Wednesday 4 May 2011

The children who hate their bodies: How half of six-year-old girls think they're fat and how parents can stop this dangerous obsession | Mail Online

By Tanith Carey
Last updated at 11:24 AM on 26th April 2011

Obsessed: Young girls are growing up with a more negative body image than ever before

Obsessed: Young girls are growing up with a more negative body image than ever before

Yesterday, we revealed how exposure to pornography is poisoning young minds. Now, in the final part of our series on the sexualisation of children, Tanith Carey shows how girls are growing up with a more negative body image than ever before - and gives practical tips on what parents can do to nip it in the bud...

Visit the website of the most coveted label for young girls today and you’ll quickly see how early in their lives our daughters are persuaded they should look sexy as well as stylish.

At Abercrombie & Fitch Kids, the designer store sells ‘cute butt’ leggings, sized to fit girls from the age of ten and over.

Elsewhere on the British High Street, the lines between childhood and adulthood are also being blurred.

At Next, high heels are on sale for tiny children, while three-year-olds are lumped together with 16-year-olds as ‘older girls’ — even though what’s appropriate at the opposite ends of this age range is wildly different.

Try looking for an old-fashioned plain nightdress for an eight-year-old that isn’t covered in love hearts, as I did the other day, and instead you’ll be offered silky boxer shorts matched with a skimpy camisole, emblazoned with the words: ‘I know I’m so cute.’

Little girls are already cute.
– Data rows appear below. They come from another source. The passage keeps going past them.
lemma pmat_mult_balance_in_setA:
  assumes "\<forall>x\<in>set \<rho>. x \<le> d" and "j < length \<rho>" and "k < length \<rho>" and "\<rho> ! k + 2 \<le> \<rho> ! j"
    and R: "\<forall>i<length \<rho>. pvec_deg (\<lambda>c. R i c) n = Some (\<rho> ! i)"
    and L: "\<forall>i<length \<rho>. pvec_deg (\<lambda>a. L a i) m = Some (d - \<rho> ! i)"
  shows "pmat_mult m (length \<rho>) n (balance_left \<epsilon> j k L) (balance_right \<epsilon> j k R)
         \<in> setA m n d (\<rho>[j := \<rho> ! j - 1, k := \<rho> ! k + 1])"
proof -
  let ?\<rho>' = "\<rho>[j := \<rho> ! j - 1, k := \<rho> ! k + 1]"
  have "j \<noteq> k" and "\<rho> ! j \<le> d" using assms(1-4) by auto
  note degrees = R[rule_format, OF assms(2)] R[rule_format, OF assms(3)]
    L[rule_format, OF assms(2)] L[rule_format, OF assms(3)]
  note lowered = pvec_deg_balance_lowered[where R = R and L = L and j = j and k = k and \<epsilon> = \<epsilon>,
      OF degrees(1-3) assms(4) \<open>\<rho> ! j \<le> d\<close>]
  note raised = pvec_deg_balance_raised[where R = R and L = L and j = j and k = k and \<epsilon> = \<epsilon>,
      OF \<open>j \<noteq> k\<close> degrees(2-4) assms(4) \<open>\<rho> ! j \<le> d\<close>]
  have "pvec_deg (\<lambda>c. balance_right \<epsilon> j k R i c) n = Some (?\<rho>' ! i)
      \<and> pvec_deg (\<lambda>a. balance_left \<epsilon> j k L a i) m = Some (d - ?\<rho>' ! i)"
    if "i < length \<rho>" for i
  proof -
    consider "i = j" | "i = k" | "i \<noteq> j" "i \<noteq> k" by blast
    then show ?thesis
    proof cases
      case 1
      then show ?thesis using lowered \<open>j \<noteq> k\<close> assms(2) by simp
    next
      case 2
      then show ?thesis using raised assms(3) by simp
    next
      case 3
      then show ?thesis using R L that by (simp add: balance_left_def balance_right_def)
    qed
  qed
  then show ?thesis
    using setA_memI[where \<rho> = ?\<rho>' and R = "balance_right \<epsilon> j k R" and L = "balance_left \<epsilon> j k L"]
    by simp
qed

lemma setA_subset_pm_closure_balance_step:
  assumes "\<forall>x\<in>set \<rho>. x \<le> d" and "j < length \<rho>" and "k < length \<rho>" and "\<rho> ! k + 2 \<le> \<rho> ! j"
  shows "setA m n d \<rho> \<subseteq> pm_closure m n d (setA m n d (\<rho>[j := \<rho> ! j - 1, k := \<rho> ! k + 1]))"
proof
  fix P assume "P \<in> setA m n d \<rho>"
  then obtain L R where P: "P = pmat_mult m (length \<rho>) n L R"
    and R: "\<forall>i<length \<rho>. pvec_deg (\<lambda>j. R i j) n = Some (\<rho> ! i)"
    and L: "\<forall>i<length \<rho>. pvec_deg (\<lambda>k. L k i) m = Some (d - \<rho> ! i)"
    by (rule setA_memE)
  define E where "E a c = [:coeff (L a k) 0:] * poly_shift 1 (R j c)
      - poly_shift 1 (L a k) * [:coeff (R j c) 0:]" for a c
  have "j \<noteq> k" using assms(4) by auto
  show "P \<in> pm_closure m n d (setA m n d (\<rho>[j := \<rho> ! j - 1, k := \<rho> ! k + 1]))"
  proof (rule pm_closureI[where C = "pm_dist m n d E (\<lambda>_ _. 0)"])
    show "pmat_ok m n P" and "\<forall>i<m. \<forall>j<n. degree (P i j) \<le> d"
      using setA_bounded assms(1) \<open>P \<in> setA m n d \<rho>\<close> by blast+
    show "pmat_mult m (length \<rho>) n (balance_left \<epsilon> j k L) (balance_right \<epsilon> j k R)
        \<in> setA m n d (\<rho>[j := \<rho> ! j - 1, k := \<rho> ! k + 1])" for \<epsilon>
      using assms R L by (rule pmat_mult_balance_in_setA)
    show "pm_dist m n d P (pmat_mult m (length \<rho>) n (balance_left \<epsilon> j k L) (balance_right \<epsilon> j k R))
        \<le> cmod \<epsilon> * pm_dist m n d E (\<lambda>_ _. 0)" if "\<epsilon> \<noteq> 0" for \<epsilon>
      using pmat_mult_balance[OF assms(2,3) \<open>j \<noteq> k\<close> that] unfolding P E_def
      by (simp add: pm_dist_add_smult)
  qed
qed

definition balanced_degrees :: "nat \<Rightarrow> nat \<Rightarrow> nat list" where
  "balanced_degrees r a = replicate (a mod r) (a div r + 1) @ replicate (r - a mod r) (a div r)"

(* Stated without subtraction, so that it holds in any commutative monoid, in particular in nat. *)
lemma sum_list_map_update_two:
  fixes f :: "'a \<Rightarrow> 'b::comm_monoid_add"
  assumes "j < length xs" and "k < length xs" and "j \<noteq> k"
  shows "sum_list (map f (xs[j := u, k := v])) + f (xs ! j) + f (xs ! k)
       = sum_list (map f xs) + f u + f v"
proof -
  let ?I = "{..<length xs}" and ?ys = "xs[j := u, k := v]"
  have sum_nth: "sum_list (map f zs) = (\<Sum>i<length zs. f (zs ! i))" for zs
    by (simp add: sum_list_sum_nth atLeast0LessThan)
  have "(\<Sum>i\<in>?I - {j, k}. f (?ys ! i)) = (\<Sum>i\<in>?I - {j, k}. f (xs ! i))"
    by (rule sum.cong) auto
  then show ?thesis
    using assms by (simp add: sum_nth sum_split_two[of ?I j k] ac_simps)
qed

lemma balance_step_sum_list:
  fixes xs :: "nat list"
  assumes "j < length xs" and "k < length xs" and "xs ! k + 2 \<le> xs ! j"
  shows "sum_list (xs[j := xs ! j - 1, k := xs ! k + 1]) = sum_list xs"
    and "sum_list (map (\<lambda>x. x\<^sup>2) (xs[j := xs ! j - 1, k := xs ! k + 1]))
         < sum_list (map (\<lambda>x. x\<^sup>2) xs)"
proof -
  have "j \<noteq> k" using assms(3) by auto
  note update = sum_list_map_update_two[OF assms(1,2) this, of _ "xs ! j - 1" "xs ! k + 1"]
  show "sum_list (xs[j := xs ! j - 1, k := xs ! k + 1]) = sum_list xs"
    using update[of id] assms(3) by simp
  obtain t where t: "xs ! j = xs ! k + 2 + t" using assms(3) le_Suc_ex by blast
  have "(xs ! j - 1)\<^sup>2 + (xs ! k + 1)\<^sup>2 < (xs ! j)\<^sup>2 + (xs ! k)\<^sup>2"
    unfolding t by (simp add: power2_eq_square algebra_simps)
  then show "sum_list (map (\<lambda>x. x\<^sup>2) (xs[j := xs ! j - 1, k := xs ! k + 1]))
      < sum_list (map (\<lambda>x. x\<^sup>2) xs)"
    using update[of "\<lambda>x. x\<^sup>2"] by linarith
qed

lemma mset_eq_balanced_degrees:
  fixes \<rho> :: "nat list"
  assumes "\<rho> \<noteq> []" and "\<forall>x\<in>set \<rho>. \<forall>y\<in>set \<rho>. x < y + 2"
  shows "mset \<rho> = mset (balanced_degrees (length \<rho>) (sum_list \<rho>))"
proof -
  define c where "c = Min (set \<rho>)"
  define u t where "u = count (mset \<rho>) c" and "t = count (mset \<rho>) (c + 1)"
  have "c \<in> set \<rho>" using assms(1) by (simp add: c_def)
  have near_min: "x = c \<or> x = c + 1" if "x \<in> set \<rho>" for x
  proof -
    have "c \<le> x" using that by (simp add: c_def)
    moreover have "x < c + 2" using assms(2) that \<open>c \<in> set \<rho>\<close> by blast
    ultimately show ?thesis by linarith
  qed
  have "count (mset \<rho>) x = 0" if "x \<noteq> c" and "x \<noteq> c + 1" for x
    using near_min that by (auto simp: count_eq_zero_iff)
  then have M: "mset \<rho> = replicate_mset u c + replicate_mset t (c + 1)"
    by (intro multiset_eqI) (simp add: u_def t_def)
  have len: "length \<rho> = u + t"
    using arg_cong[OF M, of size] by simp
  have sum: "sum_list \<rho> = t + c * length \<rho>"
    using arg_cong[OF M, of sum_mset] len by (simp add: sum_mset_sum_list[symmetric] algebra_simps)
  have "t < length \<rho>"
    using len \<open>c \<in> set \<rho>\<close> by (simp add: u_def)
  then have "sum_list \<rho> div length \<rho> = c" and "sum_list \<rho> mod length \<rho> = t"
    using assms(1) unfolding sum by simp_all
  then show ?thesis
    using M len by (simp add: balanced_degrees_def)
qed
By giving them lingerie-style sleepwear with this message, or leggings that promise to give them a ‘cute butt’, they’re encouraged to think they’re only valued for showing off parts of their bodies in a certain way.

On top of that, commercial messages from advertising billboards, television commercials and magazines tap in to our girls’ subconscious to create vulnerabilities and tell them they need to be slimmer and prettier.

When I counted all the images of women in advertisements that my daughter Lily saw on a half-hour bus journey home, it added up to more than 20. Almost all were size 6 to 10 - partially dressed or presented in underwear.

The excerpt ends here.